* What to do
The answer must consist of every line in the records that contains the word "longleftrightarrow".

* Stored data entries
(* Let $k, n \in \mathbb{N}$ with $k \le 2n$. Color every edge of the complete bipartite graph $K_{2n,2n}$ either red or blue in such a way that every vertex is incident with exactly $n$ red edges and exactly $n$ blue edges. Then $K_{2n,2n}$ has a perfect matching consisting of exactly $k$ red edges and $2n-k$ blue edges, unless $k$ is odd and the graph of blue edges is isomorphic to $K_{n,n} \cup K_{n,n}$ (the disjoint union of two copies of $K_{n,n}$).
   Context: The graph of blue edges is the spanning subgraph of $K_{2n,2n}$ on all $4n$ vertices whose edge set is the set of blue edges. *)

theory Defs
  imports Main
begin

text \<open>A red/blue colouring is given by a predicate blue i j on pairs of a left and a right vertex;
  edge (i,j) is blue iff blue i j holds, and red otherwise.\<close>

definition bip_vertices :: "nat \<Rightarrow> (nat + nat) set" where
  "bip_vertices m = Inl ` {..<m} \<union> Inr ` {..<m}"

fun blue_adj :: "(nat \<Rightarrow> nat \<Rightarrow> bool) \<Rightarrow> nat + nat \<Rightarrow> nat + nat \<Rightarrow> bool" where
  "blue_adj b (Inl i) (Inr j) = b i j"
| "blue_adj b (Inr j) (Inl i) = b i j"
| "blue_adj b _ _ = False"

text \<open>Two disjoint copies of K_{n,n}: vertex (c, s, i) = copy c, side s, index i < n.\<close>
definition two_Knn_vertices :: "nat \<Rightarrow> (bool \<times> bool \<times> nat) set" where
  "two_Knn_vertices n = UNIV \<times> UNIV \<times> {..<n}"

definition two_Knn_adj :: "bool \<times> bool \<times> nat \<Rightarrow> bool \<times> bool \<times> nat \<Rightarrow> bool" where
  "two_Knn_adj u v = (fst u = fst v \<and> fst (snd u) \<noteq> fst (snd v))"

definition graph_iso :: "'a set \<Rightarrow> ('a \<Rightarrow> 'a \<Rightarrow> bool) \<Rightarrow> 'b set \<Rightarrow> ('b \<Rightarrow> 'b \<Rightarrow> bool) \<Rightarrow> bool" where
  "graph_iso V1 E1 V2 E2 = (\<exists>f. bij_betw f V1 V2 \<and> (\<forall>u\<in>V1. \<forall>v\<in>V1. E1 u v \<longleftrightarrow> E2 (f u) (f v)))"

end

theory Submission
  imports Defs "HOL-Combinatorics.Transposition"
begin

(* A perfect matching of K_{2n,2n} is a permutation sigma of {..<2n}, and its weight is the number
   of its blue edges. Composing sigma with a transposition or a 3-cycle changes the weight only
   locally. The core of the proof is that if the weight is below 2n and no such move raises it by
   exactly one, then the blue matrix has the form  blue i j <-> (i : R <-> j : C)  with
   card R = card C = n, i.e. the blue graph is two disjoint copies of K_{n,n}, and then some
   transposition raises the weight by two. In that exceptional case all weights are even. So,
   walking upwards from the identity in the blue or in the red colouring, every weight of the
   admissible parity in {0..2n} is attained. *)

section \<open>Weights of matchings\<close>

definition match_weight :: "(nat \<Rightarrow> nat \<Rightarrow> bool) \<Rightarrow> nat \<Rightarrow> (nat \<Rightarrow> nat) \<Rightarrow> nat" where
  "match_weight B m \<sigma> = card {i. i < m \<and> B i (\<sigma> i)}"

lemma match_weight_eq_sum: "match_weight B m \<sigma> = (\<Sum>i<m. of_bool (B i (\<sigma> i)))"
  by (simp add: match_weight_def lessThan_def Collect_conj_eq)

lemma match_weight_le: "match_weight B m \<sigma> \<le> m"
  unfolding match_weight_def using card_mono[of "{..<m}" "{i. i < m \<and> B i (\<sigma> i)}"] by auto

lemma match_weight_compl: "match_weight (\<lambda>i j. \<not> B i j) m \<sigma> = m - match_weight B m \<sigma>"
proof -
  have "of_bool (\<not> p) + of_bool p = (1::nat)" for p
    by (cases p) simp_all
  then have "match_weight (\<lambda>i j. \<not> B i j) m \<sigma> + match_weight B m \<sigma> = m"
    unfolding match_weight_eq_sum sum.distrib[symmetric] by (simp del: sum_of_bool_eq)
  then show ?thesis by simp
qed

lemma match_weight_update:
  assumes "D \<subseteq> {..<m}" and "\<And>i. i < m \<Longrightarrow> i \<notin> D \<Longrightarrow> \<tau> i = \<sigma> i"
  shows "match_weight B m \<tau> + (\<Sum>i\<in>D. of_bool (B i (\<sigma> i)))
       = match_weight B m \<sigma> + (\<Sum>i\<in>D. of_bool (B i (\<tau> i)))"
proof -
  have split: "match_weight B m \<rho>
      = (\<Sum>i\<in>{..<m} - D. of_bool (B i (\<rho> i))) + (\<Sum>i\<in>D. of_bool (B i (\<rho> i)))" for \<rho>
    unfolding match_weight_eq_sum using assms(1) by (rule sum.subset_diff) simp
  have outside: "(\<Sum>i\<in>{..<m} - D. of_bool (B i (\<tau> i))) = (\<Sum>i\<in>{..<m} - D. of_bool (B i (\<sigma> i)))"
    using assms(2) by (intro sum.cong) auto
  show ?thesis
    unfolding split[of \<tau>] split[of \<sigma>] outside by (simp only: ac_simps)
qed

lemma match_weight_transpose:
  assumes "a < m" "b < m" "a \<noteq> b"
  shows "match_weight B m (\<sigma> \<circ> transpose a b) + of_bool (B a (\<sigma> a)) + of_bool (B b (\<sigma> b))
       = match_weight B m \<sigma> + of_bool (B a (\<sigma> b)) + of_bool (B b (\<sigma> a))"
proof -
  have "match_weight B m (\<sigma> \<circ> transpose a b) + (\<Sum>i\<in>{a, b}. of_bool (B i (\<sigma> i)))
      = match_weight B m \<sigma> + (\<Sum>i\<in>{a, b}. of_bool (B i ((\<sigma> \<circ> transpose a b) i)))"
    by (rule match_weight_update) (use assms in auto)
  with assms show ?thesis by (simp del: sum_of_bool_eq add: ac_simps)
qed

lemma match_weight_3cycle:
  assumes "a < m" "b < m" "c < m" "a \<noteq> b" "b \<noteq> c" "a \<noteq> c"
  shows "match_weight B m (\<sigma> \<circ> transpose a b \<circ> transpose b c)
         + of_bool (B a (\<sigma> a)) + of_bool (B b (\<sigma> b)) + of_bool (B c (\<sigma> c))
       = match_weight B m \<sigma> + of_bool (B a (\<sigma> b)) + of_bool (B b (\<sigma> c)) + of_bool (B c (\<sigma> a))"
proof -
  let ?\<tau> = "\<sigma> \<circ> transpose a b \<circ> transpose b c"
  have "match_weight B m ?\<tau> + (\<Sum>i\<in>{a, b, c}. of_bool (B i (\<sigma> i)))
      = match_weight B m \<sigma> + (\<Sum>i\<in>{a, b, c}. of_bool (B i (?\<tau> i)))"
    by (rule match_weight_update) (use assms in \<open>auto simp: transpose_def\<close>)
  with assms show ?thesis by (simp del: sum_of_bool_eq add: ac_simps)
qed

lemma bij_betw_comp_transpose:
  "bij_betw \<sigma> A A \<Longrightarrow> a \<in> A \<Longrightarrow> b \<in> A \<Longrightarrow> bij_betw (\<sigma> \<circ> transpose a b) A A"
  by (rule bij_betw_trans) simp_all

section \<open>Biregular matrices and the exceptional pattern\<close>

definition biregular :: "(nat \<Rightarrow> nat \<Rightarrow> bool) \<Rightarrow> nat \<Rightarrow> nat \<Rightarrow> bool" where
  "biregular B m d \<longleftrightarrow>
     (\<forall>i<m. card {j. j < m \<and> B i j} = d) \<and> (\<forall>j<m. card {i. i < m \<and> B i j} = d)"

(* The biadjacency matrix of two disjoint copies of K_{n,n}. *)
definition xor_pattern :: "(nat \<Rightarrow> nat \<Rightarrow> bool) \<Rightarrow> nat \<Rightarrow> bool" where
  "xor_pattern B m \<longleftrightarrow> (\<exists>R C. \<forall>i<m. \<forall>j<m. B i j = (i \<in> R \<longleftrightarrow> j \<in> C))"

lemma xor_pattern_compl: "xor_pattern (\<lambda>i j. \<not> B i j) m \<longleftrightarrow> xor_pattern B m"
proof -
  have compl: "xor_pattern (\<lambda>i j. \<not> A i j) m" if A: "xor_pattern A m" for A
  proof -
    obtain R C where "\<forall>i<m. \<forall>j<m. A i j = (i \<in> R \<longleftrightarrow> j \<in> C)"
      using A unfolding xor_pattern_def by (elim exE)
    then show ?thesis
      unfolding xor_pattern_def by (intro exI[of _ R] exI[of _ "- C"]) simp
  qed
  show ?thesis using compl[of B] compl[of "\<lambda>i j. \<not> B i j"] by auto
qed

* Solution for this exercise
  "graph_iso V1 E1 V2 E2 = (\<exists>f. bij_betw f V1 V2 \<and> (\<forall>u\<in>V1. \<forall>v\<in>V1. E1 u v \<longleftrightarrow> E2 (f u) (f v)))"
  "biregular B m d \<longleftrightarrow>
  "xor_pattern B m \<longleftrightarrow> (\<exists>R C. \<forall>i<m. \<forall>j<m. B i j = (i \<in> R \<longleftrightarrow> j \<in> C))"
lemma xor_pattern_compl: "xor_pattern (\<lambda>i j. \<not> B i j) m \<longleftrightarrow> xor_pattern B m"
    obtain R C where "\<forall>i<m. \<forall>j<m. A i j = (i \<in> R \<longleftrightarrow> j \<in> C)"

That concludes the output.